Steven Stenzel, MD, FACOG
Stenzel Clinic for Women’s Health
Eau Claire

The information in the media is true! Studies have shown that certain types of cervical cancer are caused by a virus and now a vaccine has been developed to protect against the virus. The Human Papilloma Virus (HPV)  family has nearly 100 individually separate viral types, each one identified by a number. Thirty of the types can have an effect on the female genital area, including the vaginal opening, vaginal walls and cervix.  Approximately 15 of the 30 HPV types are called “high risk” and have the potential to cause female genital cancers.  

World wide, cervical cancer is the second leading cause of cancer death with nearly 250,000 women dying annually.

After exposure to HPV through direct, intimate contact (sexual intercourse) several events may occur. The cervical cells may process the virus with no biological effect. Abnormalities of cervical cells called dysplasia or precancer may occur. The virus may “hibernate” and express its biological effect in the future. Exposure to other HPV types may result in the development of genital warts. These are not cancerous growths, but they are bothersome and frustrating to have treated.
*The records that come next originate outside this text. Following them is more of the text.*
lemma gd_ridge_coordinate_bound:
  fixes \<sigma> \<sigma>min \<eta> b z z' :: real
  assumes \<sigma>min: "0 < \<sigma>min" "\<sigma>min \<le> \<sigma>" and \<eta>: "0 < \<eta>" "\<eta> * \<sigma> \<le> 1" and t: "1 \<le> t"
    and gd: "\<sigma> * z = (1 - (1 - \<eta> * \<sigma>) ^ t) * b"
    and ridge: "(\<sigma> + 1 / (real t * \<eta>)) * z' = b"
  shows "(z - z')\<^sup>2 \<le> min (1/4) (1 / (\<sigma>min\<^sup>2 * (real t)\<^sup>2 * \<eta>\<^sup>2)) * z\<^sup>2"
proof -
  define a where "a = real t * (\<eta> * \<sigma>)"
  define p where "p = 1 - (1 - \<eta> * \<sigma>) ^ t"
  define r where "r = 1 - a / (p * (1 + a))"
  have a: "0 < a"
    using \<sigma>min \<eta> t by (simp add: a_def)
  have "a / (1 + a) \<le> p" "p \<le> 1" "p \<le> a"
    using one_minus_power_bounds[of "\<eta> * \<sigma>" t] \<sigma>min \<eta> by (simp_all add: a_def p_def)
  note r_bounds = shrinkage_ratio_bounds[OF a this, folded r_def]
  have "0 < a / (1 + a)"
    using a by simp
  then have p: "0 < p"
    using \<open>a / (1 + a) \<le> p\<close> by linarith
  have "(1 + a) * z' = real t * \<eta> * b"
    using ridge \<eta> t by (simp add: a_def field_simps)
  then have "p * (1 + a) * z' = real t * \<eta> * (p * b)"
    by (metis mult.assoc mult.left_commute)
  also have "p * b = \<sigma> * z"
    using gd by (simp add: p_def)
  finally have "p * (1 + a) * z' = a * z"
    by (simp add: a_def mult_ac)
  then have "z' = a * z / (p * (1 + a))"
    using a p by (simp add: eq_divide_eq mult.commute)
  then have diff: "z - z' = r * z"
    by (simp add: r_def left_diff_distrib)
  have "real t * \<eta> * \<sigma>min \<le> a"
    using \<sigma>min \<eta> t by (simp add: a_def)
  then have "1 / a \<le> 1 / (real t * \<eta> * \<sigma>min)"
    using \<sigma>min \<eta> t a by (intro divide_left_mono) auto
  then have "r\<^sup>2 \<le> (1 / (real t * \<eta> * \<sigma>min))\<^sup>2"
    using r_bounds by (intro power_mono) auto
  moreover have "r\<^sup>2 \<le> (1/2)\<^sup>2"
    using r_bounds by (intro power_mono) auto
  ultimately have "r\<^sup>2 \<le> min (1/4) (1 / (\<sigma>min\<^sup>2 * (real t)\<^sup>2 * \<eta>\<^sup>2))"
    by (simp add: power_divide power_mult_distrib mult_ac)
  then show ?thesis
    unfolding diff power_mult_distrib by (intro mult_right_mono) auto
qed
(* Let $s\ge 2$, $q=s-1$, and let $c_1,\dots,c_s$ be pairwise distinct real nodes. Let $A,K\in\mathbb{R}^{s\times s}$ and let $B(\sigma)\in\mathbb{R}^{s\times s}$ be given for all $\sigma$ in a set $\Sigma\subset(0,\infty)$ with $1\in\Sigma$, such that for all $\sigma\in\Sigma$ the standard-method order conditions $$AV_q-KV_q\tilde E_q=B(\sigma)V_q\mathcal{P}_q^{-1}S_q(\sigma)^{-1},\qquad A^{\mathsf T}V_q+KV_q\tilde E_q=B(\sigma)^{\mathsf T}V_qS_q(\sigma)\mathcal{P}_q$$ hold, and assume moreover $\mathcal{Q}_{q,q}(1)=e_1e_1^{\mathsf T}\in\mathbb{R}^{q\times q}$. Let $A_0,A_N\in\mathbb{R}^{s\times s}$, $a,w\in\mathbb{R}^s$ and $\sigma_1,\sigma_N\in\Sigma$ be such that $$A_0V_q=a\,e_1^{\mathsf T}+KV_q\tilde E_q,\qquad A_0^{\mathsf T}V_q+KV_q\tilde E_q=B(\sigma_1)^{\mathsf T}V_qS_q(\sigma_1)\mathcal{P}_q,$$ $$A_NV_q-KV_q\tilde E_q=B(\sigma_N)V_q\mathcal{P}_q^{-1}S_q(\sigma_N)^{-1},\qquad A_N^{\mathsf T}V_q+KV_q\tilde E_q=w\,\mathbb{1}_q^{\mathsf T}.$$ Then $a=A_0\mathbb{1}_s$, $w=A_N^{\mathsf T}\mathbb{1}_s$, and there exist vectors $\phi_0,\phi_N\in\mathbb{R}^s$ such that $$A_0=A+V_s^{-\mathsf T}e_s\,\phi_0^{\mathsf T}V_s^{-1},\qquad A_N=A+\phi_N\,e_s^{\mathsf T}V_s^{-1},$$ and, for $j=2,\dots,q$, $$e_j^{\mathsf T}\phi_0=-e_s^{\mathsf T}\mathcal{Q}_{s,q}(1)e_j,\qquad \phi_N^{\mathsf T}V_q\mathcal{P}_q^{-1}e_j=-\hat b_{js}(1),$$ where $\hat b_{js}(1)$ denotes the $(j,s)$ entry of $\hat B(1)=V_s^{\mathsf T}B(1)V_s$.
   Context: Notation: $e_i$ is the $i$-th cardinal basis vector (of the dimension dictated by context), $\mathbb{1}_k=(1,\dots,1)^{\mathsf T}\in\mathbb{R}^k$. For the nodes $\mathbf{c}=(c_1,\dots,c_s)^{\mathsf T}$, $\mathbf{c}^k=(c_1^k,\dots,c_s^k)^{\mathsf T}$, and for $r\le s$ the Vandermonde matrix is $V_r=(\mathbb{1},\mathbf{c},\dots,\mathbf{c}^{r-1})\in\mathbb{R}^{s\times r}$. The Pascal matrix is $\mathcal{P}_r=\big(\binom{j-1}{i-1}\big)_{i,j=1}^r$, the scaled shift matrix is $\tilde E_r=(i\,\delta_{i+1,j})_{i,j=1}^r$, and $S_r(\sigma)=\mathrm{diag}(1,\sigma,\dots,\sigma^{r-1})$. For $r,r'\le s$, $\mathcal{Q}_{r,r'}(\sigma):=V_r^{\mathsf T}B(\sigma)V_{r'}\mathcal{P}_{r'}^{-1}\in\mathbb{R}^{r\times r'}$. These are the order conditions of order $q$ for a Peer two-step method $A Y_n=B(\sigma_n)Y_{n-1}+h_nKF(Y_n)$ with stepsize ratio $\sigma_n=h_n/h_{n-1}$, its discrete adjoint, a starting step $A_0Y_0=a\otimes y_0+h_0KF(Y_0)$ and an end step with matrix $A_N$ and output weight $w$. *)

theory Defs
  imports "Jordan_Normal_Form.Matrix"
begin

(* All matrix/vector indices are 0-based (Jordan_Normal_Form convention);
   the paper's index i corresponds to i-1 here. *)

text \<open>Inverse of a square n x n matrix (meaningful when the matrix is invertible).\<close>
definition mat_inv :: "nat \<Rightarrow> real mat \<Rightarrow> real mat" where
  "mat_inv n M = (SOME W. W \<in> carrier_mat n n \<and> M * W = 1\<^sub>m n \<and> W * M = 1\<^sub>m n)"

definition outer :: "real vec \<Rightarrow> real vec \<Rightarrow> real mat" where
  "outer u v = mat (dim_vec u) (dim_vec v) (\<lambda>(i,j). u $ i * v $ j)"

definition ones :: "nat \<Rightarrow> real vec" where
  "ones k = vec k (\<lambda>_. 1)"

definition Vand :: "real vec \<Rightarrow> nat \<Rightarrow> real mat" where
  "Vand c r = mat (dim_vec c) r (\<lambda>(i,j). (c $ i) ^ j)"

text \<open>Pascal matrix P_r = (binom(j-1,i-1)) (1-based), i.e. binom(j,i) 0-based.\<close>
definition Pascal :: "nat \<Rightarrow> real mat" where
  "Pascal r = mat r r (\<lambda>(i,j). of_nat (j choose i))"

text \<open>Scaled shift matrix E~_r = (i delta_{i+1,j}) (1-based).\<close>
definition Etil :: "nat \<Rightarrow> real mat" where
  "Etil r = mat r r (\<lambda>(i,j). if j = i + 1 then of_nat (i + 1) else 0)"

definition Smat :: "nat \<Rightarrow> real \<Rightarrow> real mat" where
  "Smat r \<sigma> = mat r r (\<lambda>(i,j). if i = j then \<sigma> ^ i else 0)"

definition Qmat :: "real vec \<Rightarrow> (real \<Rightarrow> real mat) \<Rightarrow> nat \<Rightarrow> nat \<Rightarrow> real \<Rightarrow> real mat" where
  "Qmat c B r r' \<sigma> = transpose_mat (Vand c r) * B \<sigma> * Vand c r' * mat_inv r' (Pascal r')"

end

theory Submission
  imports Defs "Jordan_Normal_Form.Determinant" "HOL-Computational_Algebra.Polynomial"
begin

text \<open>
  Subtracting the order conditions of the standard method from those of the starting and the
  end step gives \<open>(A\<^sub>0 - A)\<^sup>T V\<^sub>q = 0\<close> and \<open>(A\<^sub>N - A) V\<^sub>q = 0\<close>. Since \<open>V\<^sub>q\<close> consists of the
  first \<open>q = s - 1\<close> columns of the invertible Vandermonde matrix \<open>V\<^sub>s\<close>, the matrices
  \<open>V\<^sub>s\<^sup>T (A\<^sub>0 - A) V\<^sub>s\<close> and \<open>(A\<^sub>N - A) V\<^sub>s\<close> vanish outside their last row, resp. last column;
  this is the rank-one form with \<open>\<phi>\<^sub>0\<close>, \<open>\<phi>\<^sub>N\<close>. The first column of \<open>V\<^sub>q\<close> is \<open>\<one>\<close> and that of
  \<open>E\<^sub>q\<close> is zero, so column 0 of the non-subtracted start and end conditions gives \<open>a\<close> and \<open>w\<close>.
  The other columns give the entries of \<open>\<phi>\<^sub>0\<close> and \<open>\<phi>\<^sub>N\<close>, compared with the standard conditions
  at \<open>\<sigma> = 1\<close>, where \<open>S\<^sub>q = I\<close>; for \<open>\<phi>\<^sub>N\<close> one also uses that the first row of \<open>P\<^sub>q\<close> is \<open>\<one>\<^sup>T\<close>,
  so \<open>\<one>\<^sup>T P\<^sub>q\<^sup>-\<^sup>1 = e\<^sub>1\<^sup>T\<close>.
\<close>

lemma outer_dim [simp]: "dim_row (outer u v) = dim_vec u" "dim_col (outer u v) = dim_vec v"
  by (simp_all add: outer_def)

lemma index_outer [simp]:
  "i < dim_vec u \<Longrightarrow> j < dim_vec v \<Longrightarrow> outer u v $$ (i, j) = u $ i * v $ j"
  by (simp add: outer_def)

lemma col_outer: "j < dim_vec v \<Longrightarrow> col (outer u v) j = v $ j \<cdot>\<^sub>v u"
  by (rule eq_vecI) (auto simp: outer_def)

lemma transpose_outer: "transpose_mat (outer u v) = outer v u"
  by (rule eq_matI) (auto simp: outer_def)

lemma outer_mult_vec: "dim_vec x = dim_vec v \<Longrightarrow> outer u v *\<^sub>v x = (v \<bullet> x) \<cdot>\<^sub>v u"
  by (rule eq_vecI) (auto simp: outer_def mult_mat_vec_def scalar_prod_def sum_distrib_left ac_simps)

lemma mat_eq_outer_last_col:
  assumes M: "M \<in> carrier_mat m n" and n: "0 < n"
    and zero: "\<And>j. j < n - 1 \<Longrightarrow> col M j = 0\<^sub>v m"
  shows "M = outer (col M (n - 1)) (unit_vec n (n - 1))"
proof (rule eq_matI)
  fix i j assume "i < dim_row (outer (col M (n - 1)) (unit_vec n (n - 1)))"
    and "j < dim_col (outer (col M (n - 1)) (unit_vec n (n - 1)))"
  then have ij: "i < m" "j < n" using M by auto
  show "M $$ (i, j) = outer (col M (n - 1)) (unit_vec n (n - 1)) $$ (i, j)"
  proof (cases "j = n - 1")
    case False
    then have "M $$ (i, j) = col M j $ i" using ij M by simp
    also have "\<dots> = 0" using zero[of j] False ij by simp
    finally show ?thesis using False ij M by simp
  qed (use ij M n in auto)
qed (use M in auto)

lemma mult_unit_vec_eq_col:
  fixes M :: "'a :: semiring_1 mat"
  assumes "M \<in> carrier_mat m n" "j < n"
  shows "M *\<^sub>v unit_vec n j = col M j"
  using assms by (intro eq_vecI) (auto simp: scalar_prod_right_unit)

lemma index_transpose_mult:
  assumes "U \<in> carrier_mat n m" "X \<in> carrier_mat n k" "i < m" "j < k"
  shows "(transpose_mat U * X) $$ (i, j) = col U i \<bullet> col X j"
  using assms by simp

lemma add_right_cancel_mat:
  fixes X :: "'a :: group_add mat"
  assumes "X \<in> carrier_mat n m" "Y \<in> carrier_mat n m" "Z \<in> carrier_mat n m" "X + Z = Y + Z"
  shows "X = Y"
proof (rule eq_matI)
  fix i j assume "i < dim_row Y" "j < dim_col Y"
  then show "X $$ (i, j) = Y $$ (i, j)"
    using assms(1-3) arg_cong[OF assms(4), of "\<lambda>M. M $$ (i, j)"] by simp
qed (use assms in auto)

lemma minus_right_cancel_mat:
  fixes X :: "'a :: group_add mat"
  assumes "X \<in> carrier_mat n m" "Y \<in> carrier_mat n m" "Z \<in> carrier_mat n m" "X - Z = Y - Z"
  shows "X = Y"
proof (rule eq_matI)
  fix i j assume "i < dim_row Y" "j < dim_col Y"
  then show "X $$ (i, j) = Y $$ (i, j)"
    using assms(1-3) arg_cong[OF assms(4), of "\<lambda>M. M $$ (i, j)"] by (simp add: diff_eq_eq)
qed (use assms in auto)

lemma scalar_prod_mult_vec_transpose:
  fixes D :: "'a :: comm_semiring_0 mat"
  assumes D: "D \<in> carrier_mat n m" and V: "V \<in> carrier_mat n k"
    and u: "u \<in> carrier_vec m" and p: "p \<in> carrier_vec k"
  shows "(D *\<^sub>v u) \<bullet> (V *\<^sub>v p) = u \<bullet> ((transpose_mat D * V) *\<^sub>v p)"
proof -
  have "(D *\<^sub>v u) \<bullet> (V *\<^sub>v p) = (V *\<^sub>v p) \<bullet> (D *\<^sub>v u)"
    using D V u p by (intro comm_scalar_prod[of _ n]) auto
  also have "\<dots> = (transpose_mat D *\<^sub>v (V *\<^sub>v p)) \<bullet> u"
    using D V p u by (intro transpose_vec_mult_scalar[symmetric]) auto
  also have "\<dots> = u \<bullet> ((transpose_mat D * V) *\<^sub>v p)"
    using D V p u by (simp add: comm_scalar_prod[of _ m] assoc_mult_mat_vec[of _ m n _ k])
  finally show ?thesis .
qed

lemma mat_inv_correct:
  fixes M :: "real mat"
  assumes M: "M \<in> carrier_mat n n" and det: "det M \<noteq> 0"
  shows "mat_inv n M \<in> carrier_mat n n" "M * mat_inv n M = 1\<^sub>m n" "mat_inv n M * M = 1\<^sub>m n"
proof -
  obtain W where W: "W \<in> carrier_mat n n" "W * M = 1\<^sub>m n"
    using det_non_zero_imp_unit[OF M det, of "()"] unfolding Units_def ring_mat_def by auto
  then have "M * W = 1\<^sub>m n"
    using mat_mult_left_right_inverse[OF W(1) M] by simp
  with W have "\<exists>W. W \<in> carrier_mat n n \<and> M * W = 1\<^sub>m n \<and> W * M = 1\<^sub>m n" by blast
  then have "mat_inv n M \<in> carrier_mat n n \<and> M * mat_inv n M = 1\<^sub>m n \<and> mat_inv n M * M = 1\<^sub>m n"
    unfolding mat_inv_def by (rule someI_ex)
  then show "mat_inv n M \<in> carrier_mat n n" "M * mat_inv n M = 1\<^sub>m n" "mat_inv n M * M = 1\<^sub>m n"
    by auto
qed

lemma mat_inv_one: "mat_inv n (1\<^sub>m n) = 1\<^sub>m n"
  using mat_inv_correct(1,2)[of "1\<^sub>m n" n] by simp

lemma mult_right_inverse:
  fixes D :: "'a :: semiring_1 mat"
  assumes "V \<in> carrier_mat n n" "W \<in> carrier_mat n n" "V * W = 1\<^sub>m n" "D \<in> carrier_mat m n"
  shows "D * V * W = D"
  using assms by (simp add: assoc_mult_mat[of D m n V n W n] right_mult_one_mat[OF assms(4)])

lemma transpose_conj_inverse:
  fixes D :: "'a :: comm_semiring_1 mat"
  assumes V: "V \<in> carrier_mat n n" and W: "W \<in> carrier_mat n n" and VW: "V * W = 1\<^sub>m n"
    and D: "D \<in> carrier_mat n n"
  shows "transpose_mat W * (transpose_mat V * D * V) * W = D"
proof -
  have "transpose_mat W * (transpose_mat V * D * V) * W
      = (transpose_mat W * transpose_mat V) * D * (V * W)"
    using V W D by (simp add: assoc_mult_mat[of _ n n _ n _ n])
  also have "transpose_mat W * transpose_mat V = 1\<^sub>m n"
    using transpose_mult[OF V W] VW by simp
  finally show ?thesis using VW D by simp
qed

lemma Smat_one: "Smat r 1 = 1\<^sub>m r"
  by (rule eq_matI) (auto simp: Smat_def)

lemma Etil_dim [simp]: "dim_row (Etil r) = r" "dim_col (Etil r) = r"
  by (simp_all add: Etil_def)

lemma Etil_carrier [simp]: "Etil r \<in> carrier_mat r r"
  by (simp add: Etil_def)

lemma col_mult_Etil_0:
  assumes "M \<in> carrier_mat m r" "0 < r"
  shows "col (M * Etil r) 0 = 0\<^sub>v m"
proof -
  have "col (Etil r) 0 = 0\<^sub>v r" using assms(2) by (intro eq_vecI) (auto simp: Etil_def)
  then show ?thesis using assms col_mult2[of M m r "Etil r" r 0] by auto
qed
Gardasil is a newly developed vaccine that protects against HPV types 16 and 18, which are responsible for approximately 70% of cervical cancers. The vaccine also protects against HPV types 6 and 11, which cause approximately 90% of the external genital warts.

The Gardasil Vaccine is given in three injections over a 6-month period.

The vaccine does not cause a mini infection and it does not contain thimerosal as a preservative. When given to adolescent girls prior to HPV exposure, the vaccine was shown to be 100% effective in preventing cervical cancers caused by HPV types 16 and 18; and 100% effective in preventing external genital warts caused by HPV types 6 and 11. Another way of looking at this is that the vaccine will reduce cervical cancer risk by 70% and external genital warts by 90% when the vaccine is given prior to natural HPV exposure. FDA approval came in June 2006 and the vaccine is now available for use.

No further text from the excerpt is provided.